SUPPLIED DATA: Begin

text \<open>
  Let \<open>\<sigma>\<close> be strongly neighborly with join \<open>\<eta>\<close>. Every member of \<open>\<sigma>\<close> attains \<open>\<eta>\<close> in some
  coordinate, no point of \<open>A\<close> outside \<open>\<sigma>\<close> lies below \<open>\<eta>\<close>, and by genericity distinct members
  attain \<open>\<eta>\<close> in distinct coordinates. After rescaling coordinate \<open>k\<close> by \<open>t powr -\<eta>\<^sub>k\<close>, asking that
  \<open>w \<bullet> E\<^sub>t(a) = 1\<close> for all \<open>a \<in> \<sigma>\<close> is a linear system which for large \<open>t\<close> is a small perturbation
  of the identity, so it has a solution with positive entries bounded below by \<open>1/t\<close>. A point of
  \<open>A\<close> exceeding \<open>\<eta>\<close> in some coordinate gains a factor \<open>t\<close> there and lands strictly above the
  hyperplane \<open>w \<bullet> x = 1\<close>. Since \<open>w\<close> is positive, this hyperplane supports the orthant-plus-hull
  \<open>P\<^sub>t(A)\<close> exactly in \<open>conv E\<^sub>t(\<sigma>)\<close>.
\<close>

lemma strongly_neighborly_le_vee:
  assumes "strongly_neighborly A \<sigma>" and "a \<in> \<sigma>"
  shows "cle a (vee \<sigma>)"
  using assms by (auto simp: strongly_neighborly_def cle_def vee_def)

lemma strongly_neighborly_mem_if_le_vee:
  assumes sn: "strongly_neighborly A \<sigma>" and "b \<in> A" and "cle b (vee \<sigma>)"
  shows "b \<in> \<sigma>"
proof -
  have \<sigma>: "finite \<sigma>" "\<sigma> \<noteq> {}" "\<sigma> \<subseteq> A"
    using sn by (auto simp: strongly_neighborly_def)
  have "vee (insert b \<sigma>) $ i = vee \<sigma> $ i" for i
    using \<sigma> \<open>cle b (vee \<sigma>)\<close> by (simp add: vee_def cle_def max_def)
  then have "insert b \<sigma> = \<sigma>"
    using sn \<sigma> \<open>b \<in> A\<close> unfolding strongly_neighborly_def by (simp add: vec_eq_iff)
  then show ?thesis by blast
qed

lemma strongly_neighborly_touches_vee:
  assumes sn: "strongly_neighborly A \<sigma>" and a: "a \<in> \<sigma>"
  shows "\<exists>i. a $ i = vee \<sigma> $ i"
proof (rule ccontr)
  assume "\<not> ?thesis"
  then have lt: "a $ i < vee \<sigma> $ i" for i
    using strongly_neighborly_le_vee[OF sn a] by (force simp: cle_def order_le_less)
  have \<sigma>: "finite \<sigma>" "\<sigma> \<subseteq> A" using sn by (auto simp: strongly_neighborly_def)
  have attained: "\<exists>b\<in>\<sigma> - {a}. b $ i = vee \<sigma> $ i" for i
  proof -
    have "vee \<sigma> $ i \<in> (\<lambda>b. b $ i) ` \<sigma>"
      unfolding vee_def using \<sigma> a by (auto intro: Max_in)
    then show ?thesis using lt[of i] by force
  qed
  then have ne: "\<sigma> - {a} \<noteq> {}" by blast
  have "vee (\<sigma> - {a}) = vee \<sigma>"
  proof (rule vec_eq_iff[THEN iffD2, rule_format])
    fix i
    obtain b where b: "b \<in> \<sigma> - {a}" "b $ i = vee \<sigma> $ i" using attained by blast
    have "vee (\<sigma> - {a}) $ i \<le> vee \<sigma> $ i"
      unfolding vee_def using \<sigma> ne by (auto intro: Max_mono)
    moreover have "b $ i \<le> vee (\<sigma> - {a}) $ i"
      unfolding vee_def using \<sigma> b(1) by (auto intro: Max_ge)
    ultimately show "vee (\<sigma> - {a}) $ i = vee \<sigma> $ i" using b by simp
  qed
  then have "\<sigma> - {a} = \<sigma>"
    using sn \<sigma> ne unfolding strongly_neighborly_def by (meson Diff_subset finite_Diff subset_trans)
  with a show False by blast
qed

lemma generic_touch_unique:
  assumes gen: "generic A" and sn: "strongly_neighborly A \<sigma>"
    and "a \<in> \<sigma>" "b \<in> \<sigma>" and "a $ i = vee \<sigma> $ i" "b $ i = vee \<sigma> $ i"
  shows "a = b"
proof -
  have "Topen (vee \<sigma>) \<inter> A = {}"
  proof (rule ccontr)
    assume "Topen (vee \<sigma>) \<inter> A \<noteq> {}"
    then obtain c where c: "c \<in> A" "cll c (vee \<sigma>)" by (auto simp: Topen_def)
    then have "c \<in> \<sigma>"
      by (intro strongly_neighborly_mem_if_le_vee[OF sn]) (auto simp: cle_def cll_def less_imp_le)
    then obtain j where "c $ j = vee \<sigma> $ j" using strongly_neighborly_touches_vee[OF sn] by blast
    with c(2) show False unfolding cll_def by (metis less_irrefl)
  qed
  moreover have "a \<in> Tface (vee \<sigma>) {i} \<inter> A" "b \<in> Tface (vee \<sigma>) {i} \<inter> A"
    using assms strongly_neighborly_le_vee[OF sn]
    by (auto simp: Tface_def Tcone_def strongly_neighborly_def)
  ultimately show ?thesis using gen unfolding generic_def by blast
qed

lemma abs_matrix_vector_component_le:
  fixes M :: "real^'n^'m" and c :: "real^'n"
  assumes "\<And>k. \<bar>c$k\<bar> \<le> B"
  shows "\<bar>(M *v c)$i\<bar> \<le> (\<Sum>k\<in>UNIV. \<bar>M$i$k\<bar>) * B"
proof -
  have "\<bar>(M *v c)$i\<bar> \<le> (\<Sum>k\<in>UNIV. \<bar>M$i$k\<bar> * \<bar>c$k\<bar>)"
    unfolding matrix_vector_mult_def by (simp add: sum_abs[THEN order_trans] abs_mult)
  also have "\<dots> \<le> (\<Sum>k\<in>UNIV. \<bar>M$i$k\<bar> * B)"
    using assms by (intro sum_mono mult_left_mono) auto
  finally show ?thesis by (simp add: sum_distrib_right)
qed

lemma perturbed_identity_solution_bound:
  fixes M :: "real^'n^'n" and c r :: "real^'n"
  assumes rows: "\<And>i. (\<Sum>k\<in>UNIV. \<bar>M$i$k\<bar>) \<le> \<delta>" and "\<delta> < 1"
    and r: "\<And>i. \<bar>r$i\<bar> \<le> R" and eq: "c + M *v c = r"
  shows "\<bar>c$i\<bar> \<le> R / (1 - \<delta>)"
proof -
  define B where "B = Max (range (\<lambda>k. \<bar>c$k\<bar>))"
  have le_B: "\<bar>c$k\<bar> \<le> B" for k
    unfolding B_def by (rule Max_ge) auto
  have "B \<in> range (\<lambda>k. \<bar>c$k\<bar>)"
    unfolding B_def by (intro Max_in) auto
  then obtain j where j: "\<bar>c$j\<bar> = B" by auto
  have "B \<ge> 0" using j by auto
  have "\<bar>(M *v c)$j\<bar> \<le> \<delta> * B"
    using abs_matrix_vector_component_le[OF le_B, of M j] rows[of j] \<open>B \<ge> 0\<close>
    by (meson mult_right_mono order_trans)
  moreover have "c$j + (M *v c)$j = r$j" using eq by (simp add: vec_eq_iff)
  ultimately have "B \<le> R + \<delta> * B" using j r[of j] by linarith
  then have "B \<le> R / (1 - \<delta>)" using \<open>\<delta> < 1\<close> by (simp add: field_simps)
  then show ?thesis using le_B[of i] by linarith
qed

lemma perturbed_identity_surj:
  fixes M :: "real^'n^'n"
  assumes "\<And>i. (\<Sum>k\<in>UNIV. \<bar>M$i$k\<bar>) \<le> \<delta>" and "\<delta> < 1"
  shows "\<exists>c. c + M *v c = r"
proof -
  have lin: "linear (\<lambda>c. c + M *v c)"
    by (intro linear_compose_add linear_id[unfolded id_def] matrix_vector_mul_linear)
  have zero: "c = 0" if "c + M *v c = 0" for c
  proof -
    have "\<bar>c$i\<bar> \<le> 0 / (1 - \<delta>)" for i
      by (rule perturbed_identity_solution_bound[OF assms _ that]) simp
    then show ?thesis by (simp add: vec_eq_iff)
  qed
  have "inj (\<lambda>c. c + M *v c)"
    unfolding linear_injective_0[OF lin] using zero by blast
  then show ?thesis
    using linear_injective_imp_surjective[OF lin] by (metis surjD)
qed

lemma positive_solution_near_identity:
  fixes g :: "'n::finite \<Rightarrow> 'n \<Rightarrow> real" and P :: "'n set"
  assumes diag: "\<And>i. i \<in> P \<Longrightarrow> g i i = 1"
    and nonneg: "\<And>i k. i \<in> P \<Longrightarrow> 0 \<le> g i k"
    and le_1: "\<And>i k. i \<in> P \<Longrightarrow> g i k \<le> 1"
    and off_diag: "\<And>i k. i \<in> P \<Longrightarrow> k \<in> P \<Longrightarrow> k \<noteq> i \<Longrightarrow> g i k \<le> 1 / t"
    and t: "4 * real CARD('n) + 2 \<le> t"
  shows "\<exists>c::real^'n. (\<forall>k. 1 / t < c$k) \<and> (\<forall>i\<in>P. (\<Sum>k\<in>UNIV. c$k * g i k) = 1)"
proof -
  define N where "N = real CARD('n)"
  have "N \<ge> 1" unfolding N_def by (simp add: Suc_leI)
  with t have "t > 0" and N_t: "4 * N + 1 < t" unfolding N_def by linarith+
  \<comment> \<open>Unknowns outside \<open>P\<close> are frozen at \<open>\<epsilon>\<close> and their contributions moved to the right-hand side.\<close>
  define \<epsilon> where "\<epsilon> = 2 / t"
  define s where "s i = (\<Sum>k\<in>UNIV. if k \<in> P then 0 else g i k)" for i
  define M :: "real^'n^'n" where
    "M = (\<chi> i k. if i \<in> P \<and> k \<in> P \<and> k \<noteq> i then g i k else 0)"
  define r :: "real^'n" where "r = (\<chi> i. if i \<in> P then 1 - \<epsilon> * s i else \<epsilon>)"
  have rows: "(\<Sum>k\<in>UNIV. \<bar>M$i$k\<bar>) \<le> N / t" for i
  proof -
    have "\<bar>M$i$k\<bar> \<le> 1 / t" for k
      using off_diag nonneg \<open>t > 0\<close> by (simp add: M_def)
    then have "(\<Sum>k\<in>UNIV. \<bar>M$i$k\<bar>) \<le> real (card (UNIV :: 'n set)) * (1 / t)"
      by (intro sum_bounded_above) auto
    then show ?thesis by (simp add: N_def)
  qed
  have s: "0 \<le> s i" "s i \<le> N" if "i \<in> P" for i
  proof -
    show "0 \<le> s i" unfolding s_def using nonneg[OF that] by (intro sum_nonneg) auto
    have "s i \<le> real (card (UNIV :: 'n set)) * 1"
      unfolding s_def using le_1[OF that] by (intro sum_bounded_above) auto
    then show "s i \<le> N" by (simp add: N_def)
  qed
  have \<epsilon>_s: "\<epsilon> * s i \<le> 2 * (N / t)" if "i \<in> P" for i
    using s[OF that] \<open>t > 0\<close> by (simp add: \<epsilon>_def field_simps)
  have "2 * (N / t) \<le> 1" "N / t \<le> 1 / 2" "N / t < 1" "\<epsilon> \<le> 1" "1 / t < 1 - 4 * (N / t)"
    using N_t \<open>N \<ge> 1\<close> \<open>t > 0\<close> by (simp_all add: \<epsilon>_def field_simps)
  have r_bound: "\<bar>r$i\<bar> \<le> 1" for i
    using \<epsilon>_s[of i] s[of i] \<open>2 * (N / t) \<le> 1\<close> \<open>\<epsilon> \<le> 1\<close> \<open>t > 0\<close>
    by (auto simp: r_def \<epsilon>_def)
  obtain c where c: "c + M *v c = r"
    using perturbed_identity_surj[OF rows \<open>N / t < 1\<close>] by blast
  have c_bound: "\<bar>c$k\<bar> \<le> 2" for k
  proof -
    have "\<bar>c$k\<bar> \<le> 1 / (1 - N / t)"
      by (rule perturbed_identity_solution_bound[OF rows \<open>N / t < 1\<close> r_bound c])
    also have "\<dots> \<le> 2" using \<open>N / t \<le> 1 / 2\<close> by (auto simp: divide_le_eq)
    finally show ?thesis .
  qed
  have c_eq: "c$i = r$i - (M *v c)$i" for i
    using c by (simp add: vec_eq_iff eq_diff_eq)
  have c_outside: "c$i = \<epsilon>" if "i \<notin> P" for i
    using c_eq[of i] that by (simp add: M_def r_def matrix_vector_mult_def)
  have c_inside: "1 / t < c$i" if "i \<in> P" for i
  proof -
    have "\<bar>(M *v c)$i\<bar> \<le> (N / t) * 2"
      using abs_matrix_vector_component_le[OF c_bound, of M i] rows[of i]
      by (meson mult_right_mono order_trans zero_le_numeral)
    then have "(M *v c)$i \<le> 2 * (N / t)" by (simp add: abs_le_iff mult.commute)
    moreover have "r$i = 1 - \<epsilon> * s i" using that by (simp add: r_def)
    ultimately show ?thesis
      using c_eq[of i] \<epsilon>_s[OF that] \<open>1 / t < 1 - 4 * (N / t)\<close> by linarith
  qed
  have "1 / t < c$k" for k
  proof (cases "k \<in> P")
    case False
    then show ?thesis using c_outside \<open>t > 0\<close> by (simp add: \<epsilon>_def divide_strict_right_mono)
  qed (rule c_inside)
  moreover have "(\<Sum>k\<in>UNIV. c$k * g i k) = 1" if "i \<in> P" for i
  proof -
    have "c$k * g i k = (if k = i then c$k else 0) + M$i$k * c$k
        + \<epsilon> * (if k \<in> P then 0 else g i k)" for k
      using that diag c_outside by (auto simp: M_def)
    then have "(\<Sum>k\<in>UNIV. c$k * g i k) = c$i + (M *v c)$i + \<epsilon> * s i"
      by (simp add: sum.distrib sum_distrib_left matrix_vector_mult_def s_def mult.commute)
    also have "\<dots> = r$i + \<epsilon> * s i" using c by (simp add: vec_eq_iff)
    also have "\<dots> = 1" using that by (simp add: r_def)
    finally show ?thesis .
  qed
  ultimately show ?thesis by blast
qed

SUPPLIED DATA: End

Your task is to quote the lines above, beginning with the first and ending with the one that holds "a small perturbation".

RESPONSE TO THIS EXERCISE =
text \<open>
  Let \<open>\<sigma>\<close> be strongly neighborly with join \<open>\<eta>\<close>. Every member of \<open>\<sigma>\<close> attains \<open>\<eta>\<close> in some
  coordinate, no point of \<open>A\<close> outside \<open>\<sigma>\<close> lies below \<open>\<eta>\<close>, and by genericity distinct members
  attain \<open>\<eta>\<close> in distinct coordinates. After rescaling coordinate \<open>k\<close> by \<open>t powr -\<eta>\<^sub>k\<close>, asking that
  \<open>w \<bullet> E\<^sub>t(a) = 1\<close> for all \<open>a \<in> \<sigma>\<close> is a linear system which for large \<open>t\<close> is a small perturbation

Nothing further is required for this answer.